lemma (in prob_space) real_cond_exp_inner_diff_eq_0:
  fixes g :: "nat \<Rightarrow> 'a \<Rightarrow> 'v::euclidean_space" and G :: "'a \<Rightarrow> 'v"
  assumes subalg: "\<And>t. subalgebra M (F t)"
    and mono: "\<And>s t. s \<le> t \<Longrightarrow> subalgebra (F t) (F s)"
    and G_meas: "G \<in> borel_measurable (F 0)"
    and g_int: "\<And>s. 1 \<le> s \<Longrightarrow> integrable M (g s)"
    and unbiased: "\<And>s j. 1 \<le> s \<Longrightarrow> j \<in> Basis \<Longrightarrow>
      AE \<omega> in M. real_cond_exp M (F (s - 1)) (\<lambda>\<omega>. g s \<omega> \<bullet> j) \<omega> = G \<omega> \<bullet> j"
    and s: "1 \<le> s" and j: "j \<in> Basis"
  shows "AE \<omega> in M. real_cond_exp M (F (s - 1)) (\<lambda>\<omega>. (g s \<omega> - G \<omega>) \<bullet> j) \<omega> = 0"
proof -
  have G_int: "integrable M (\<lambda>\<omega>. G \<omega> \<bullet> j)"
  proof -
    interpret finite_measure_subalgebra M "F 0"
      by unfold_locales (rule subalg)
    have "integrable M (real_cond_exp M (F 0) (\<lambda>\<omega>. g 1 \<omega> \<bullet> j))"
      using g_int[of 1] by (intro real_cond_exp_int(1)) auto
    moreover have "(\<lambda>\<omega>. G \<omega> \<bullet> j) \<in> borel_measurable M"
      using measurable_from_subalg[OF subalg G_meas] by measurable
    moreover have "AE \<omega> in M. real_cond_exp M (F 0) (\<lambda>\<omega>. g 1 \<omega> \<bullet> j) \<omega> = G \<omega> \<bullet> j"
      using unbiased[of 1 j] j by simp
    ultimately show ?thesis
      by (rule integrable_cong_AE_imp)
  qed
  interpret finite_measure_subalgebra M "F (s - 1)"
    by unfold_locales (rule subalg)
  have [measurable]: "G \<in> borel_measurable (F (s - 1))"
    using measurable_from_subalg[OF mono[OF le0] G_meas] .
  have "AE \<omega> in M. real_cond_exp M (F (s - 1)) (\<lambda>\<omega>. g s \<omega> \<bullet> j - G \<omega> \<bullet> j) \<omega> =
      real_cond_exp M (F (s - 1)) (\<lambda>\<omega>. g s \<omega> \<bullet> j) \<omega> - real_cond_exp M (F (s - 1)) (\<lambda>\<omega>. G \<omega> \<bullet> j) \<omega>"
    using g_int[OF s] G_int by (intro real_cond_exp_diff) auto
  moreover have "AE \<omega> in M. real_cond_exp M (F (s - 1)) (\<lambda>\<omega>. G \<omega> \<bullet> j) \<omega> = G \<omega> \<bullet> j"
    by (rule real_cond_exp_F_meas[OF G_int]) measurable
  ultimately show ?thesis
    using unbiased[OF s j] by eventually_elim (simp add: inner_diff_left)
qed

lemma (in prob_space) stochastic_batch_second_moment_le:
  fixes g :: "nat \<Rightarrow> 'a \<Rightarrow> 'v::euclidean_space" and G :: "'a \<Rightarrow> 'v" and b :: "'a \<Rightarrow> nat"
  assumes subalg: "\<And>t. subalgebra M (F t)"
    and mono: "\<And>s t. s \<le> t \<Longrightarrow> subalgebra (F t) (F s)"
    and g_meas: "\<And>s. 1 \<le> s \<Longrightarrow> g s \<in> borel_measurable (F s)"
    and G_meas: "G \<in> borel_measurable (F 0)"
    and g_int: "\<And>s. 1 \<le> s \<Longrightarrow> integrable M (g s)"
    and unbiased: "\<And>s j. 1 \<le> s \<Longrightarrow> j \<in> Basis \<Longrightarrow>
      AE \<omega> in M. real_cond_exp M (F (s - 1)) (\<lambda>\<omega>. g s \<omega> \<bullet> j) \<omega> = G \<omega> \<bullet> j"
    and variance: "\<And>s. 1 \<le> s \<Longrightarrow>
      AE \<omega> in M. nn_cond_exp M (F (s - 1)) (\<lambda>\<omega>. ennreal ((norm (g s \<omega> - G \<omega>))\<^sup>2)) \<omega> \<le> ennreal (\<sigma>\<^sup>2)"
    and b: "stopping_time F b" and b_le: "\<And>\<omega>. \<omega> \<in> space M \<Longrightarrow> b \<omega> \<le> N"
  shows "(\<integral>\<^sup>+\<omega>. ennreal ((real (b \<omega>))\<^sup>2 * (norm ((1 / real (b \<omega>)) *\<^sub>R (\<Sum>s=1..b \<omega>. g s \<omega>)))\<^sup>2) \<partial>M)
    \<le> ennreal (2 * real N) * (\<integral>\<^sup>+\<omega>. ennreal (real (b \<omega>) * (norm (G \<omega>))\<^sup>2) \<partial>M)
      + ennreal (2 * \<sigma>\<^sup>2) * (\<integral>\<^sup>+\<omega>. ennreal (real (b \<omega>)) \<partial>M)"
proof -
  define X where "X s \<omega> = g s \<omega> - G \<omega>" for s \<omega>
  define V where "V \<omega> = (norm (\<Sum>s=1..b \<omega>. X s \<omega>))\<^sup>2" for \<omega>
  have X_F: "X s \<in> borel_measurable (F s)" if "1 \<le> s" for s
    unfolding X_def[abs_def]
    using g_meas[OF that] measurable_from_subalg[OF mono[OF le0] G_meas] by (rule borel_measurable_diff)
  have centred: "AE \<omega> in M. real_cond_exp M (F (s - 1)) (\<lambda>\<omega>. X s \<omega> \<bullet> j) \<omega> = 0"
    if "1 \<le> s" "j \<in> Basis" for s j
    unfolding X_def using subalg mono G_meas g_int unbiased that by (rule real_cond_exp_inner_diff_eq_0)
  have var: "AE \<omega> in M. nn_cond_exp M (F (s - 1)) (\<lambda>\<omega>. ennreal ((norm (X s \<omega>))\<^sup>2)) \<omega> \<le> ennreal (\<sigma>\<^sup>2)"
    if "1 \<le> s" for s
    unfolding X_def using variance[OF that] .
  have noise: "(\<integral>\<^sup>+\<omega>. ennreal (V \<omega>) \<partial>M) \<le> ennreal (\<sigma>\<^sup>2) * (\<integral>\<^sup>+\<omega>. ennreal (real (b \<omega>)) \<partial>M)"
    unfolding V_def using subalg mono X_F centred var b b_le by (rule nn_integral_stopped_sum_le)
  have [measurable]: "b \<in> measurable M (count_space UNIV)" "G \<in> borel_measurable M"
    using measurable_stopping_time_count_space[OF b subalg] measurable_from_subalg[OF subalg G_meas] .
  have "(\<lambda>\<omega>. \<Sum>s=1..min (b \<omega>) N. X s \<omega>) \<in> borel_measurable M"
    using measurable_from_subalg[OF subalg borel_measurable_stopped_sum[OF mono X_F b]] .
  then have "(\<lambda>\<omega>. \<Sum>s=1..b \<omega>. X s \<omega>) \<in> borel_measurable M"
    by (rule measurable_cong[THEN iffD1, rotated]) (simp add: b_le min_absorb1)
  then have [measurable]: "V \<in> borel_measurable M"
    unfolding V_def[abs_def] by measurable
  have pointwise: "ennreal ((real (b \<omega>))\<^sup>2 * (norm ((1 / real (b \<omega>)) *\<^sub>R (\<Sum>s=1..b \<omega>. g s \<omega>)))\<^sup>2)
      \<le> 2 * ennreal (V \<omega>) + ennreal (2 * real N) * ennreal (real (b \<omega>) * (norm (G \<omega>))\<^sup>2)"
    if "\<omega> \<in> space M" for \<omega>
  proof -
    have "(real (b \<omega>))\<^sup>2 * (norm ((1 / real (b \<omega>)) *\<^sub>R (\<Sum>s=1..b \<omega>. g s \<omega>)))\<^sup>2
        \<le> 2 * V \<omega> + 2 * real N * (real (b \<omega>) * (norm (G \<omega>))\<^sup>2)"
      using power2_norm_batch_sum_le[OF b_le[OF that]] by (simp add: X_def V_def)
    then have "ennreal ((real (b \<omega>))\<^sup>2 * (norm ((1 / real (b \<omega>)) *\<^sub>R (\<Sum>s=1..b \<omega>. g s \<omega>)))\<^sup>2)
        \<le> ennreal (2 * V \<omega> + 2 * real N * (real (b \<omega>) * (norm (G \<omega>))\<^sup>2))"
      by (rule ennreal_leI)
    also have "\<dots> = 2 * ennreal (V \<omega>) + ennreal (2 * real N) * ennreal (real (b \<omega>) * (norm (G \<omega>))\<^sup>2)"
      by (simp add: V_def ennreal_plus ennreal_mult)
    finally show ?thesis .
  qed
  have "(\<integral>\<^sup>+\<omega>. ennreal ((real (b \<omega>))\<^sup>2 * (norm ((1 / real (b \<omega>)) *\<^sub>R (\<Sum>s=1..b \<omega>. g s \<omega>)))\<^sup>2) \<partial>M)
      \<le> (\<integral>\<^sup>+\<omega>. 2 * ennreal (V \<omega>) + ennreal (2 * real N) * ennreal (real (b \<omega>) * (norm (G \<omega>))\<^sup>2) \<partial>M)"
    using pointwise by (rule nn_integral_mono)
  also have "\<dots> = 2 * (\<integral>\<^sup>+\<omega>. ennreal (V \<omega>) \<partial>M)
      + ennreal (2 * real N) * (\<integral>\<^sup>+\<omega>. ennreal (real (b \<omega>) * (norm (G \<omega>))\<^sup>2) \<partial>M)"
    by (simp add: nn_integral_add nn_integral_cmult)
  also have "\<dots> \<le> 2 * (ennreal (\<sigma>\<^sup>2) * (\<integral>\<^sup>+\<omega>. ennreal (real (b \<omega>)) \<partial>M))
      + ennreal (2 * real N) * (\<integral>\<^sup>+\<omega>. ennreal (real (b \<omega>) * (norm (G \<omega>))\<^sup>2) \<partial>M)"
    using noise by (intro add_right_mono mult_left_mono) auto
  finally show ?thesis
    by (simp add: ennreal_mult mult.assoc add.commute)
qed

theorem lemma2:
  fixes M :: "'a measure" and H :: "'a measure"
    and D :: "'z set" and loss :: "'z \<Rightarrow> 'v::euclidean_space \<Rightarrow> real"
    and \<theta> :: "'a \<Rightarrow> 'v" and z :: "nat \<Rightarrow> 'a \<Rightarrow> 'z"
    and b :: "'a \<Rightarrow> nat" and b_max :: nat and \<sigma> :: real
  defines "F \<equiv> smp_filt M H z"
  defines "g \<equiv> (\<lambda>s \<omega>. grad (loss (z s \<omega>)) (\<theta> \<omega>))"
  defines "gradL \<equiv> grad (emp_loss D loss)"
  defines "g_i \<equiv> (\<lambda>\<omega>. (1 / real (b \<omega>)) *\<^sub>R (\<Sum>s=1..b \<omega>. g s \<omega>))"
  defines "\<alpha> \<equiv> (\<lambda>\<omega>. real (b \<omega>))"
  assumes M: "prob_space M"
    and D: "finite D" "D \<noteq> {}"
    and loss_diff: "\<And>d x. d \<in> D \<Longrightarrow> loss d differentiable (at x)"
    and grad_meas: "\<And>d. d \<in> D \<Longrightarrow> grad (loss d) \<in> borel_measurable borel"
    and H: "subalgebra M H"
    and \<theta>_meas: "\<theta> \<in> borel_measurable H"
    and z_meas: "\<And>s. s \<ge> 1 \<Longrightarrow> z s \<in> measurable M (count_space UNIV)"
    and z_in: "\<And>s \<omega>. s \<ge> 1 \<Longrightarrow> \<omega> \<in> space M \<Longrightarrow> z s \<omega> \<in> D"
    and g_int: "\<And>s. s \<ge> 1 \<Longrightarrow> integrable M (g s)"
    and unbiased: "\<And>s j. s \<ge> 1 \<Longrightarrow> j \<in> Basis \<Longrightarrow>
        AE \<omega> in M. real_cond_exp M (F (s - 1)) (\<lambda>\<omega>. g s \<omega> \<bullet> j) \<omega> = gradL (\<theta> \<omega>) \<bullet> j"
    and variance: "\<And>s. s \<ge> 1 \<Longrightarrow>
        AE \<omega> in M. nn_cond_exp M (F (s - 1))
           (\<lambda>\<omega>. ennreal ((norm (g s \<omega> - gradL (\<theta> \<omega>)))\<^sup>2)) \<omega> \<le> ennreal (\<sigma>\<^sup>2)"
    and b_stop: "stopping_time F b"
    and b_pos: "\<And>\<omega>. \<omega> \<in> space M \<Longrightarrow> 1 \<le> b \<omega>"
    and b_le: "\<And>\<omega>. \<omega> \<in> space M \<Longrightarrow> b \<omega> \<le> b_max"
  shows "((\<integral>\<^sup>+ \<omega>. ennreal ((\<alpha> \<omega>)\<^sup>2 * (norm (g_i \<omega>))\<^sup>2) \<partial>M)
           \<le> ennreal (2 * real b_max) * (\<integral>\<^sup>+ \<omega>. ennreal (\<alpha> \<omega> * (norm (gradL (\<theta> \<omega>)))\<^sup>2) \<partial>M)
             + ennreal (2 * \<sigma>\<^sup>2) * (\<integral>\<^sup>+ \<omega>. ennreal (real (b \<omega>)) \<partial>M))
    \<and> (\<forall>L \<theta>s. L-lipschitz_on UNIV gradL \<longrightarrow> (\<forall>x. emp_loss D loss \<theta>s \<le> emp_loss D loss x) \<longrightarrow>
         (\<integral>\<^sup>+ \<omega>. ennreal ((\<alpha> \<omega>)\<^sup>2 * (norm (g_i \<omega>))\<^sup>2) \<partial>M)
           \<le> ennreal (4 * real b_max * L) *
               (\<integral>\<^sup>+ \<omega>. ennreal (\<alpha> \<omega> * (emp_loss D loss (\<theta> \<omega>) - emp_loss D loss \<theta>s)) \<partial>M)
             + ennreal (2 * \<sigma>\<^sup>2) * (\<integral>\<^sup>+ \<omega>. ennreal (real (b \<omega>)) \<partial>M))"
proof -
  interpret prob_space M
    by (rule M)
  have subalg: "subalgebra M (F t)" for t
    unfolding F_def using H z_meas by (rule subalgebra_smp_filt)
  have mono: "subalgebra (F t) (F s)" if "s \<le> t" for s t
    unfolding F_def using H that by (rule subalgebra_smp_filt_mono)
  have g_F: "g s \<in> borel_measurable (F s)" if "1 \<le> s" for s
    unfolding g_def F_def using H that order_refl countable_finite[OF D(1)] z_in[OF that] \<theta>_meas grad_meas
    by (rule borel_measurable_smp_filt_sample_apply)
  have gradL_F: "(\<lambda>\<omega>. gradL (\<theta> \<omega>)) \<in> borel_measurable (F 0)"
    using measurable_smp_filt_base[OF H \<theta>_meas] borel_measurable_grad_emp_loss[OF loss_diff grad_meas]
    unfolding F_def gradL_def by measurable
  have first: "(\<integral>\<^sup>+ \<omega>. ennreal ((\<alpha> \<omega>)\<^sup>2 * (norm (g_i \<omega>))\<^sup>2) \<partial>M)
      \<le> ennreal (2 * real b_max) * (\<integral>\<^sup>+ \<omega>. ennreal (\<alpha> \<omega> * (norm (gradL (\<theta> \<omega>)))\<^sup>2) \<partial>M)
        + ennreal (2 * \<sigma>\<^sup>2) * (\<integral>\<^sup>+ \<omega>. ennreal (real (b \<omega>)) \<partial>M)"
    unfolding g_i_def \<alpha>_def using subalg mono g_F gradL_F g_int unbiased variance b_stop b_le
    by (rule stochastic_batch_second_moment_le)
  moreover have "(\<integral>\<^sup>+ \<omega>. ennreal ((\<alpha> \<omega>)\<^sup>2 * (norm (g_i \<omega>))\<^sup>2) \<partial>M)
      \<le> ennreal (4 * real b_max * L) *
          (\<integral>\<^sup>+ \<omega>. ennreal (\<alpha> \<omega> * (emp_loss D loss (\<theta> \<omega>) - emp_loss D loss \<theta>s)) \<partial>M)
        + ennreal (2 * \<sigma>\<^sup>2) * (\<integral>\<^sup>+ \<omega>. ennreal (real (b \<omega>)) \<partial>M)"
    if lip: "L-lipschitz_on UNIV gradL" and min: "\<forall>x. emp_loss D loss \<theta>s \<le> emp_loss D loss x" for L \<theta>s
  proof -
    have "(\<integral>\<^sup>+ \<omega>. ennreal (\<alpha> \<omega> * (norm (gradL (\<theta> \<omega>)))\<^sup>2) \<partial>M)
        \<le> ennreal (2 * L) * (\<integral>\<^sup>+ \<omega>. ennreal (\<alpha> \<omega> * (emp_loss D loss (\<theta> \<omega>) - emp_loss D loss \<theta>s)) \<partial>M)"
      unfolding \<alpha>_def gradL_def
      using has_derivative_grad_emp_loss[OF loss_diff] lip[unfolded gradL_def] min
        measurable_from_subalg[OF H \<theta>_meas] measurable_stopping_time_count_space[OF b_stop subalg]
      by (intro nn_integral_weighted_power2_norm_gradient_le) auto
    then have "ennreal (2 * real b_max) * (\<integral>\<^sup>+ \<omega>. ennreal (\<alpha> \<omega> * (norm (gradL (\<theta> \<omega>)))\<^sup>2) \<partial>M)
        \<le> ennreal (2 * real b_max) * ennreal (2 * L) *
          (\<integral>\<^sup>+ \<omega>. ennreal (\<alpha> \<omega> * (emp_loss D loss (\<theta> \<omega>) - emp_loss D loss \<theta>s)) \<partial>M)"
      by (simp add: mult.assoc mult_left_mono)
    also have "ennreal (2 * real b_max) * ennreal (2 * L) = ennreal (4 * real b_max * L)"
      using lipschitz_on_nonneg[OF lip] by (simp add: ennreal_mult[symmetric] mult_ac)
    finally show ?thesis
      using first by (meson add_right_mono order_trans)
  qed
  ultimately show ?thesis
    by blast
qed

----

§ **Assignment**: Filter the listing for the word "UNIV" and copy each line that has it.

§ **Answer for this exercise**:
  have [measurable]: "b \<in> measurable M (count_space UNIV)" "G \<in> borel_measurable M"
    and z_meas: "\<And>s. s \<ge> 1 \<Longrightarrow> z s \<in> measurable M (count_space UNIV)"
    \<and> (\<forall>L \<theta>s. L-lipschitz_on UNIV gradL \<longrightarrow> (\<forall>x. emp_loss D loss \<theta>s \<le> emp_loss D loss x) \<longrightarrow>
    if lip: "L-lipschitz_on UNIV gradL" and min: "\<forall>x. emp_loss D loss \<theta>s \<le> emp_loss D loss x" for L \<theta>s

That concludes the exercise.